8. Demonstrate care for yourself

Parents and caregivers are human, too. Even though you’re responsible for your child’s life and well-being, you’re responsible for your own as well. Prioritizing your own well-being in this role can look like treating yourself with kindness when you make mistakes as a parent, setting appropriate boundaries and limits, and taking time to yourself to recharge and tend to your own needs. Taking these actions can also help you be a good role model for your child. As the authors of a paper about the importance of parental self-care put it, “It may be unhelpful to frame parent self-care as an addition to their to-do lists. That list is already too long, and parents are already challenged and accountable in a thousand ways. Instead, it may be important to consider self-care as a quality of action: It can be an act of love and kindness.”

How therapy can help parents and caregivers

Raising young kids can be a stressful job. For parents or caregivers who could use extra support, speaking with a therapist may be helpful. A trained mental health professional can offer you a safe space to express your emotions, problem solve, and learn healthy techniques for coping with stress such as a child’s behavior challenges or medical problems. They can also assist you in tweaking your parenting style and improving skills like communication, boundary-setting, conflict resolution, and others that can help you foster healthy family dynamics. If you’re experiencing symptoms of a mental health condition, they can offer support and treatment options as well.

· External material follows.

(* Consider Problem (P) under Assumptions A1–A6 and B1–B2, with surrogates $\widetilde f_i$ satisfying F1–F3. Let $\{\mathbf{x}[n]\}_n=\{(\mathbf{x}_i[n])_{i=1}^I\}_n$ be generated by the exact NEXT algorithm (Algorithm 1, i.e. the iteration below with $\mathbf{x}_i^{\rm inx}[n]=\widetilde{\mathbf{x}}_i[n]$), and let $\overline{\mathbf{x}}[n]=\frac1I\sum_{i=1}^I\mathbf{x}_i[n]$. Suppose the step-sizes satisfy $\alpha[n]\in(0,1]$ for all $n$, $\sum_{n=0}^\infty\alpha[n]=\infty$ and $\sum_{n=0}^\infty\alpha[n]^2<\infty$. Then: (a) the sequence $\{\overline{\mathbf{x}}[n]\}_n$ is bounded and every limit point of it is a stationary solution of (P); (b) $\|\mathbf{x}_i[n]-\overline{\mathbf{x}}[n]\|\to0$ as $n\to\infty$ for every $i=1,\dots,I$.
   Context: Problem (P): minimize $U(\mathbf{x})=F(\mathbf{x})+G(\mathbf{x})$ subject to $\mathbf{x}\in\mathcal K\subseteq\mathbb R^m$, where $F=\sum_{i=1}^I f_i$. Assumptions: (A1) $\mathcal K$ nonempty, closed, convex; (A2) each $f_i:\mathbb R^m\to\mathbb R$ is $C^1$ (possibly nonconvex) on an open set containing $\mathcal K$; (A3) each $\nabla f_i$ is Lipschitz on $\mathcal K$ with constant $L_i$; (A4) $\|\nabla F(\mathbf{x})\|\le L_F$ on $\mathcal K$ for some finite $L_F$; (A5) $G$ is convex (possibly nonsmooth) with all subgradients on $\mathcal K$ bounded in norm by some finite $L_G$; (A6) $U$ is coercive on $\mathcal K$. A point $\mathbf{x}^*\in\mathcal K$ is a stationary solution of (P) if there is a subgradient $\boldsymbol\xi\in\partial G(\mathbf{x}^* )$ with $(\nabla F(\mathbf{x}^* )+\boldsymbol\xi)^T(\mathbf{y}-\mathbf{x}^* )\ge0$ for all $\mathbf{y}\in\mathcal K$. Network: at each time $n$ a digraph $\mathcal G[n]=(\{1,\dots,I\},\mathcal E[n])$; $\mathcal N_i^{\rm in}[n]=\{j:(j,i)\in\mathcal E[n]\}\cup\{i\}$. Weights: $w_{ij}[n]=\theta_{ij}\in[\vartheta,1]$ if $j\in\mathcal N_i^{\rm in}[n]$ and $w_{ij}[n]=0$ otherwise, for a fixed $\vartheta\in(0,1)$; $\mathbf W[n]=(w_{ij}[n])$. (B1) there is an integer $B>0$ such that for every $k\ge0$ the graph with edge set $\bigcup_{n=kB}^{(k+1)B-1}\mathcal E[n]$ is strongly connected; (B2) $\mathbf W[n]\mathbf 1=\mathbf 1$ and $\mathbf 1^T\mathbf W[n]=\mathbf 1^T$ for all $n$. Surrogates $\widetilde f_i(\cdot;\mathbf{x}):\mathcal K\to\mathbb R$ (differentiable in the first argument) satisfy: (F1) $\widetilde f_i(\cdot;\mathbf{x})$ is strongly convex on $\mathcal K$ with constant $\tau_i>0$ uniformly in $\mathbf{x}\in\mathcal K$; (F2) $\nabla\widetilde f_i(\mathbf{x};\mathbf{x})=\nabla f_i(\mathbf{x})$ for all $\mathbf{x}\in\mathcal K$ (gradient w.r.t. the first argument); (F3) $\nabla\widetilde f_i(\mathbf{x};\cdot)$ is Lipschitz on $\mathcal K$ uniformly in $\mathbf{x}\in\mathcal K$. NEXT iteration (inexact version; the exact version has $\varepsilon_i[n]=0$): initialize $\mathbf{x}_i[0]\in\mathcal K$, $\mathbf y_i[0]=\nabla f_i(\mathbf{x}_i[0])$, $\widetilde{\boldsymbol\pi}_i[0]=I\mathbf y_i[0]-\nabla f_i(\mathbf{x}_i[0])$. For $n\ge0$ each agent $i$: computes $\widetilde{\mathbf{x}}_i[n]=\arg\min_{\mathbf{x}\in\mathcal K}\{\widetilde f_i(\mathbf{x};\mathbf{x}_i[n])+\widetilde{\boldsymbol\pi}_i[n]^T(\mathbf{x}-\mathbf{x}_i[n])+G(\mathbf{x})\}$; picks $\mathbf{x}_i^{\rm inx}[n]\in\mathcal K$ with $\|\mathbf{x}_i^{\rm inx}[n]-\widetilde{\mathbf{x}}_i[n]\|\le\varepsilon_i[n]$; sets $\mathbf z_i[n]=\mathbf{x}_i[n]+\alpha[n](\mathbf{x}_i^{\rm inx}[n]-\mathbf{x}_i[n])$; then $\mathbf{x}_i[n+1]=\sum_{j=1}^I w_{ij}[n]\mathbf z_j[n]$, $\mathbf y_i[n+1]=\sum_{j=1}^I w_{ij}[n]\mathbf y_j[n]+\nabla f_i(\mathbf{x}_i[n+1])-\nabla f_i(\mathbf{x}_i[n])$, $\widetilde{\boldsymbol\pi}_i[n+1]=I\mathbf y_i[n+1]-\nabla f_i(\mathbf{x}_i[n+1])$. *)

theory Defs
  imports "HOL-Analysis.Analysis"
begin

Whether caring for babies, children, or adolescents, parenting often entails a busy schedule. For those who don’t have time to travel to and from in-person therapy appointments, virtual therapy is another option to consider. With an online therapy service like BetterHelp, you can get matched with a licensed therapist who you can meet with via phone, video call, and/or in-app messaging from anywhere you have an internet connection. While you may already know that traditional face-to-face sessions can be beneficial, recent research also shows that web-based parenting interventions such as therapy can be a cost-effective alternative.


Being the parent or caregiver of a child is no easy task and you may sometimes feel like you don’t have all the answers. Taking advice from psychology researchers and experts can be helpful, as can speaking with a therapist.